Indonesia vows to crack down on 'blood-sucking' online gambling
By Stefanno Sulaiman and Stanley Widianto
JAKARTA (Reuters) - Indonesia has shut down more than 2 million websites offering illegal online gambling services, the communications minister said on Friday, saying the activity was "sucking people's blood".
Online gambling is banned in the world's largest Muslim-majority nation, but last year more than 3 million Indonesians engaged in an activity estimated to be worth about $20 billion, or about 1.5% of gross domestic product. , government data showed.
"We are waging a universal war against online gambling," Communications Minister Budi Arie Setiadi told Reuters in an interview.

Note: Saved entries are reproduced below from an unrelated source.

(* Let $\mathbf{C}=\mathbf{C}_1\,\dot\cup\,\mathbf{C}_2$ and $\mathbf{B}=\mathbf{B}_+\,\dot\cup\,\mathbf{B}'\in\dot{\mathbb{P}}(\mathbb{L}(\mathbf{C}_1))$ with $|\mathbf{B}|=|\mathbf{C}_1|$. Suppose every $L\in\mathbf{B}_+$ has a positive monotonic effect on $D$ relative to $\mathbf{C}$, and $\mathbf{W}$ suffices to adjust for confounding of $\mathbf{C}$ on $D$. If for some tree $\mathfrak{T}$ on $\mathbf{B}_+$ and some values $\mathbf{c}_2,\mathbf{w}$ (all conditioning events having positive probability) $$E[D\mid\mathbf{B}=\mathbf{1},\mathbf{C}_2=\mathbf{c}_2,\mathbf{W}=\mathbf{w}]-\sum_{L\in\mathbf{B}}E[D\mid\mathbf{B}\setminus\{L\}=\mathbf{1},L=0,\mathbf{C}_2=\mathbf{c}_2,\mathbf{W}=\mathbf{w}]+\sum_{\mathbf{E}\in\mathfrak{T}}E[D\mid\mathbf{B}\setminus\mathbf{E}=\mathbf{1},\mathbf{E}=\mathbf{0},\mathbf{C}_2=\mathbf{c}_2,\mathbf{W}=\mathbf{w}]>0,$$ then $\mathbf{B}$ is irreducible for $\mathcal{D}(\mathbf{C},\Omega)$.
   Context: $\Omega$ is a population with a probability distribution; events are binary random variables; $\overline{X}=1-X$; $\mathbb{L}(\mathbf{C})=\mathbf{C}\cup\{\overline{X}:X\in\mathbf{C}\}$; $\dot{\mathbb{P}}(\mathbb{L}(\mathbf{C}))$ is the set of subsets of $\mathbb{L}(\mathbf{C})$ not containing both $X$ and $\overline{X}$; $(L)_{\mathbf{c}}$ is the value of literal $L$ under assignment $\mathbf{c}$; $\bigwedge(\mathbf{B})=\min_{L\in\mathbf{B}}L$. Potential outcomes: $D_{\mathbf{c}}(\omega)\in\{0,1\}$; observed $\mathbf{C},D$ satisfy consistency $D(\omega)=D_{\mathbf{C}(\omega)}(\omega)$. Conditioning events like $\{\mathbf{B}\setminus\mathbf{E}=\mathbf{1},\mathbf{E}=\mathbf{0}\}$ mean literals in $\mathbf{E}$ equal 0 and other literals of $\mathbf{B}$ equal 1. $\mathbf{W}$ suffices to adjust for confounding of $\mathbf{C}$ on $D$ if $D_{\mathbf{c}}$ is independent of $\mathbf{C}$ given $\mathbf{W}=\mathbf{w}$ for all $\mathbf{c},\mathbf{w}$. A literal $L$ has a positive monotonic effect on $D$ relative to $\mathbf{C}$ if for all $\omega$ and all assignments $\mathbf{c},\mathbf{c}'$ differing only in the variable underlying $L$ with $(L)_{\mathbf{c}}=1,(L)_{\mathbf{c}'}=0$, $D_{\mathbf{c}}(\omega)\ge D_{\mathbf{c}'}(\omega)$. A tree on a finite set $\mathbf{S}$ is a set $\mathfrak{T}$ of 2-element subsets of $\mathbf{S}$ with $|\mathfrak{T}|=|\mathbf{S}|-1$ connecting all elements (empty if $|\mathbf{S}|\le1$). A sufficient cause representation $(\mathbf{A},\mathfrak{B})$ for $\mathcal{D}(\mathbf{C},\Omega)$: binary $\mathbf{A}=\langle A_1,\dots,A_p\rangle$ unaffected by interventions on $\mathbf{C}$ and $\mathfrak{B}=\langle\mathbf{B}_1,\dots,\mathbf{B}_p\rangle\subseteq\dot{\mathbb{P}}(\mathbb{L}(\mathbf{C}))$ with $D_{\mathbf{c}}(\omega)=1$ iff some $j$ has $A_j(\omega)=1$ and $(\bigwedge(\mathbf{B}_j))_{\mathbf{c}}=1$. $\mathbf{B}$ is irreducible for $\mathcal{D}(\mathbf{C},\Omega)$ if every such representation has some $\mathbf{B}_i\supseteq\mathbf{B}$. *)

theory Defs
  imports "HOL-Probability.Probability"
begin

(* Variables are indexed by a type 'i.  A literal is a pair (i, pol):
   (i, True) stands for the variable X_i, (i, False) for its complement 1 - X_i.
   Binary values 0/1 are represented by False/True. *)

type_synonym 'i literal = "'i \<times> bool"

"Online gambling is so disturbing, it's killing people's blood," said Budi, adding that online gambling damaged family finances and often weighed more heavily on women.

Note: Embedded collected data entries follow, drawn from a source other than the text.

lemma endpoint_nbhd_measure:
  assumes T: "finite T" and r: "0 \<le> r"
  shows "endpoint_nbhd T r \<in> fmeasurable lborel"
    "measure lborel (endpoint_nbhd T r) \<le> 2 * r * (2 * card T + 1)"
proof -
  let ?P = "insert 1 (Inf ` T \<union> Sup ` T)"
  have P: "finite ?P" using T by simp
  show "endpoint_nbhd T r \<in> fmeasurable lborel"
    unfolding endpoint_nbhd_def using measure_UN_ball_le(1)[OF P r] .
  have "card ?P \<le> card (Inf ` T \<union> Sup ` T) + 1" using T by (simp add: card_insert_if)
  also have "\<dots> \<le> card T + card T + 1"
    using card_Un_le[of "Inf ` T" "Sup ` T"] card_image_le[OF T, of Inf] card_image_le[OF T, of Sup]
    by linarith
  finally have "real (card ?P) \<le> 2 * card T + 1" by linarith
  then have "2 * r * card ?P \<le> 2 * r * (2 * card T + 1)" using r by (intro mult_left_mono) auto
  then show "measure lborel (endpoint_nbhd T r) \<le> 2 * r * (2 * card T + 1)"
    unfolding endpoint_nbhd_def using measure_UN_ball_le(2)[OF P r] by linarith
qed

definition projector_kernel :: "real set set \<Rightarrow> real set \<Rightarrow> real \<times> real \<Rightarrow> real" where
  "projector_kernel Js I z = (\<Sum>J\<in>Js. indicator (J \<times> J) z / len J) - indicator (I \<times> I) z / len I"

lemma projector_kernel_bound:
  assumes "finite Js"
  shows "\<bar>projector_kernel Js I z\<bar> \<le> (\<Sum>J\<in>Js. 1 / len J) + 1 / len I"
proof -
  have "\<bar>\<Sum>J\<in>Js. indicator (J \<times> J) z / len J\<bar> \<le> (\<Sum>J\<in>Js. \<bar>indicator (J \<times> J) z / len J\<bar>)"
    by (rule sum_abs)
  also have "\<dots> \<le> (\<Sum>J\<in>Js. 1 / len J)"
    by (intro sum_mono) (simp add: indicator_def)
  finally have "\<bar>\<Sum>J\<in>Js. indicator (J \<times> J) z / len J\<bar> \<le> (\<Sum>J\<in>Js. 1 / len J)" .
  moreover have "\<bar>indicator (I \<times> I) z / len I\<bar> \<le> 1 / len I"
    by (simp add: indicator_def)
  ultimately show ?thesis unfolding projector_kernel_def by linarith
qed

"This is a phenomenon that is only the tip of the iceberg."
The issue has attracted more public attention in recent months due to a series of incidents.
Last week an Indonesian police officer set her husband on fire over a gambling addiction she said had left them in financial trouble, according to media reports.

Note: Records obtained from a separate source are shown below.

lemma exists_time_T_near_id_if_generator_bounded_on_dom:
  assumes "C \<ge> 0" and "\<And>y. y \<in> gen_dom T \<Longrightarrow> norm (generator T y) \<le> C * norm y"
  obtains s where "0 < s" "s < \<delta>" "\<And>r z. r \<in> {0..s} \<Longrightarrow> norm (T r z - z) \<le> norm z / 2"
proof -
  define s where "s = min (\<delta> / 2) (1 / (2 * (C * M + 1)))"
  have CM: "C * M \<ge> 0" using \<open>C \<ge> 0\<close> M_ge_1 by simp
  have s: "0 < s" "s < \<delta>" using \<delta>_pos CM by (auto simp: s_def)
  have "C * M * s \<le> C * M * (1 / (2 * (C * M + 1)))"
    using CM by (intro mult_left_mono) (auto simp: s_def)
  also have "\<dots> \<le> 1 / 2" using CM by (simp add: field_simps)
  finally have CMs: "C * M * s \<le> 1 / 2" .
  have "norm (T r z - z) \<le> norm z / 2" if "r \<in> {0..s}" for r z
  proof (cases "r = 0")
    case False
    then have "norm (T r z - z) \<le> C * M * r * norm z"
      using norm_T_minus_le_if_generator_bounded_on_dom[OF assms] that s by auto
    also have "\<dots> \<le> C * M * s * norm z" using that CM by (intro mult_right_mono mult_left_mono) auto
    also have "\<dots> \<le> 1 / 2 * norm z" using CMs by (intro mult_right_mono) auto
    finally show ?thesis by simp
  qed simp
  with s that show ?thesis by blast
qed

text \<open>The orbit average \<open>V y = (1/s) \<integral>\<^sub>0\<^sup>s T r y dr\<close> takes values in the domain of the
  generator, and \<open>V - id\<close> is a contraction for small \<open>s\<close>; hence \<open>V\<close> is onto by Banach's
  fixed point theorem.\<close>
lemma gen_dom_UNIV_if_generator_bounded_on_dom:
  assumes "C \<ge> 0" and "\<And>y. y \<in> gen_dom T \<Longrightarrow> norm (generator T y) \<le> C * norm y"
  shows "gen_dom T = UNIV"
proof -
  obtain s where s: "0 < s" "s < \<delta>" and near_id: "\<And>r z. r \<in> {0..s} \<Longrightarrow> norm (T r z - z) \<le> norm z / 2"
    using exists_time_T_near_id_if_generator_bounded_on_dom[OF assms] by blast
  define V where "V y = (1 / s) *\<^sub>R orbit_integral y s" for y
  have V_near_id: "norm (V y - y) \<le> norm y / 2" for y
  proof -
    have "V y - y = (1 / s) *\<^sub>R (orbit_integral y s - s *\<^sub>R y)"
      using s by (simp add: V_def algebra_simps)
    then have "norm (V y - y) = norm (orbit_integral y s - s *\<^sub>R y) / s"
      using s by simp
    moreover have "norm (orbit_integral y s - s *\<^sub>R y) \<le> norm y / 2 * s"
      using s near_id by (intro norm_orbit_integral_minus_le) auto
    ultimately show ?thesis using s by (simp add: pos_divide_le_eq)
  qed
  have V_diff: "V (y1 - y2) = V y1 - V y2" for y1 y2
    using s orbit_integral_diff[of s y1 y2] by (simp add: V_def scaleR_diff_right)
  have "z \<in> gen_dom T" for z
  proof -
    have "dist (z + x - V x) (z + y - V y) \<le> 1 / 2 * dist x y" for x y
      using V_near_id[of "x - y"] V_diff[of x y] by (simp add: dist_norm algebra_simps norm_minus_commute)
    then have "\<forall>x y. dist (z + x - V x) (z + y - V y) \<le> 1 / 2 * dist x y" by blast
    from banach_fix_type[OF _ _ this] obtain y where "z + y - V y = y" by auto
    then have "V y = z" by (simp add: algebra_simps)
    then show ?thesis using orbit_average_in_gen_dom[OF s, of y] by (simp add: V_def)
  qed
  then show ?thesis by blast
qed

lemma norm_T_le_exp_if_step_bound:
  assumes "is_cnorm n" "L \<ge> 0"
    and step: "\<And>h y. h \<in> {0..\<delta>} \<Longrightarrow> n (T h y) \<le> (1 + L * h) * n y"
    and "t \<ge> 0"
  shows "n (T t x) \<le> exp (L * t) * n x"
proof -
  define N where "N = nat \<lceil>t / \<delta>\<rceil> + 1"
  define h where "h = t / real N"
  have "real N \<ge> t / \<delta>" "N \<ge> 1" unfolding N_def by linarith+
  then have h: "h \<in> {0..\<delta>}" and t: "t = real N * h"
    using \<open>t \<ge> 0\<close> \<delta>_pos by (auto simp: h_def field_simps)
  have "n (T (real k * h) y) \<le> (1 + L * h) ^ k * n y" for k y
  proof (induction k arbitrary: y)
    case (Suc k)
    have "T (real (Suc k) * h) y = T h (T (real k * h) y)"
      using T_add_time[of h "real k * h" y] h by (simp add: algebra_simps)
    then have "n (T (real (Suc k) * h) y) \<le> (1 + L * h) * n (T (real k * h) y)"
      using step[OF h] by simp
    also have "\<dots> \<le> (1 + L * h) * ((1 + L * h) ^ k * n y)"
      using Suc \<open>L \<ge> 0\<close> h by (intro mult_left_mono) auto
    finally show ?case by simp
  qed simp
  also have "(1 + L * h) ^ N * n x \<le> exp (L * h) ^ N * n x"
    using \<open>L \<ge> 0\<close> h cnorm_nonneg[OF assms(1)] by (intro mult_right_mono power_mono) auto
  also have "exp (L * h) ^ N = exp (L * t)"
    using t by (simp add: exp_of_nat_mult[symmetric] algebra_simps)
  finally show ?thesis using t by simp
qed

lemma quasi_contractive_if_generator_bounded:
  assumes "generator_bounded T" and "equiv_norm n"
  shows "\<exists>l. \<forall>t\<ge>0. opnorm_wrt n (T t) \<le> exp (l * t)"
proof -
  obtain a b where n: "is_cnorm n" "a > 0" "b > 0" "\<And>x. a * norm x \<le> n x" "\<And>x. n x \<le> b * norm x"
    using equiv_normE[OF assms(2)] by blast
  have "gen_dom T = UNIV" using assms(1) generator_bounded_iff_gen_dom_UNIV by simp
  then obtain C where "C \<ge> 0" and C: "\<And>h y. h \<in> {0<..\<delta>} \<Longrightarrow> norm (diff_quot y h) \<le> C * norm y"
    using uniform_diff_quot_bound by blast
  define L where "L = b * C / a"
  have "L \<ge> 0" using n \<open>C \<ge> 0\<close> by (simp add: L_def)
  have "n (T h y) \<le> (1 + L * h) * n y" if "h \<in> {0..\<delta>}" for h y
  proof (cases "h = 0")
    case False
    then have h: "h \<in> {0<..\<delta>}" using that by auto
    have "norm (T h y - y) = h * norm (diff_quot y h)" using h by simp
    also have "\<dots> \<le> h * (C * norm y)" using C[OF h, of y] h by (intro mult_left_mono) auto
    finally have "norm (T h y - y) \<le> C * h * norm y" by (simp add: algebra_simps)
    have "n (T h y) = n (y + (T h y - y))" by simp
    also have "\<dots> \<le> n y + n (T h y - y)" using n(1) unfolding is_cnorm_def by blast
    also have "n (T h y - y) \<le> b * norm (T h y - y)" by (rule n(5))
    also have "\<dots> \<le> b * (C * h * norm y)"
      using \<open>norm (T h y - y) \<le> _\<close> n(3) by (intro mult_left_mono) auto
    also have "\<dots> = L * h * (a * norm y)" using n(2) by (simp add: L_def field_simps)
    also have "\<dots> \<le> L * h * n y" using n(4)[of y] \<open>L \<ge> 0\<close> h by (intro mult_left_mono) auto
    finally show ?thesis by (simp add: algebra_simps)
  qed simp
  then have "n (T t x) \<le> exp (L * t) * n x" if "t \<ge> 0" for t x
    using norm_T_le_exp_if_step_bound[OF n(1) \<open>L \<ge> 0\<close>] that by blast
  then show ?thesis using opnorm_wrt_le[OF n(1) exp_ge_zero] by blast
qed

lemma exists_functional_unbounded_on_generator:
  assumes "gen_dom T \<noteq> UNIV"
  shows "\<exists>f :: 'a \<Rightarrow> real. bounded_linear f \<and>
    (\<forall>N. \<exists>y\<in>gen_dom T. norm y \<le> 1 \<and> \<bar>f (generator T y)\<bar> > N)"
proof -
  have "\<not> (\<forall>f :: 'a \<Rightarrow> real. bounded_linear f \<longrightarrow>
      (\<exists>N. \<forall>y\<in>gen_dom T. norm y \<le> 1 \<longrightarrow> \<bar>f (generator T y)\<bar> \<le> N))"
  proof
    assume "\<forall>f :: 'a \<Rightarrow> real. bounded_linear f \<longrightarrow>
      (\<exists>N. \<forall>y\<in>gen_dom T. norm y \<le> 1 \<longrightarrow> \<bar>f (generator T y)\<bar> \<le> N)"
    then have "\<exists>C\<ge>0. \<forall>y\<in>gen_dom T. norm (generator T y) \<le> C * norm y"
      by (intro generator_bounded_on_dom_if_weakly_bounded) blast
    then obtain C where "C \<ge> 0" and C: "\<And>y. y \<in> gen_dom T \<Longrightarrow> norm (generator T y) \<le> C * norm y"
      by blast
    then show False using gen_dom_UNIV_if_generator_bounded_on_dom[OF \<open>C \<ge> 0\<close> C] assms by blast
  qed
  then show ?thesis by (auto simp: not_le)
qed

Two months ago, the army said one of its officers had committed suicide due to mounting debts related to online gambling.
In addition to shutting down some 2.1 million websites, Budi said authorities had frozen thousands of bank accounts and would soon formally set up a task force.
Most of the servers used by gambling sites originate from Cambodia, and thousands of Indonesians are working there to operate them, Budi said, without immediately providing evidence.
ECONOMIC HIT
Economists say the growing popularity of gambling in Indonesia, especially among lower-income groups, hurts long-term productivity and traps people in poverty.
Officials have also blamed gambling addiction for rising crime in some areas, a higher divorce rate and an increase in Indonesians taking out high-interest loans.
"At a macro level, online gambling encourages a lack of productivity," said Mohammad Faisal, an economist at the Jakarta-based Center for Economic Reform.
On Wednesday, Indonesia's outgoing president Joko Widodo vowed to launch a task force to tackle the issue.
"Gambling is not just betting for money," he said. "Gamble on the future, whether it's yours, your family's, or your children's."
The problem is by no means limited to Indonesia.
China, where gambling is banned, called on the Philippines on Friday to eliminate offshore gambling, describing the industry as a "social disease" that encourages crimes such as kidnapping, human trafficking and murder. Philippine President Ferdinand Marcos has said that illegal gaming operators, some of them run by Chinese companies, could pose a risk to national security.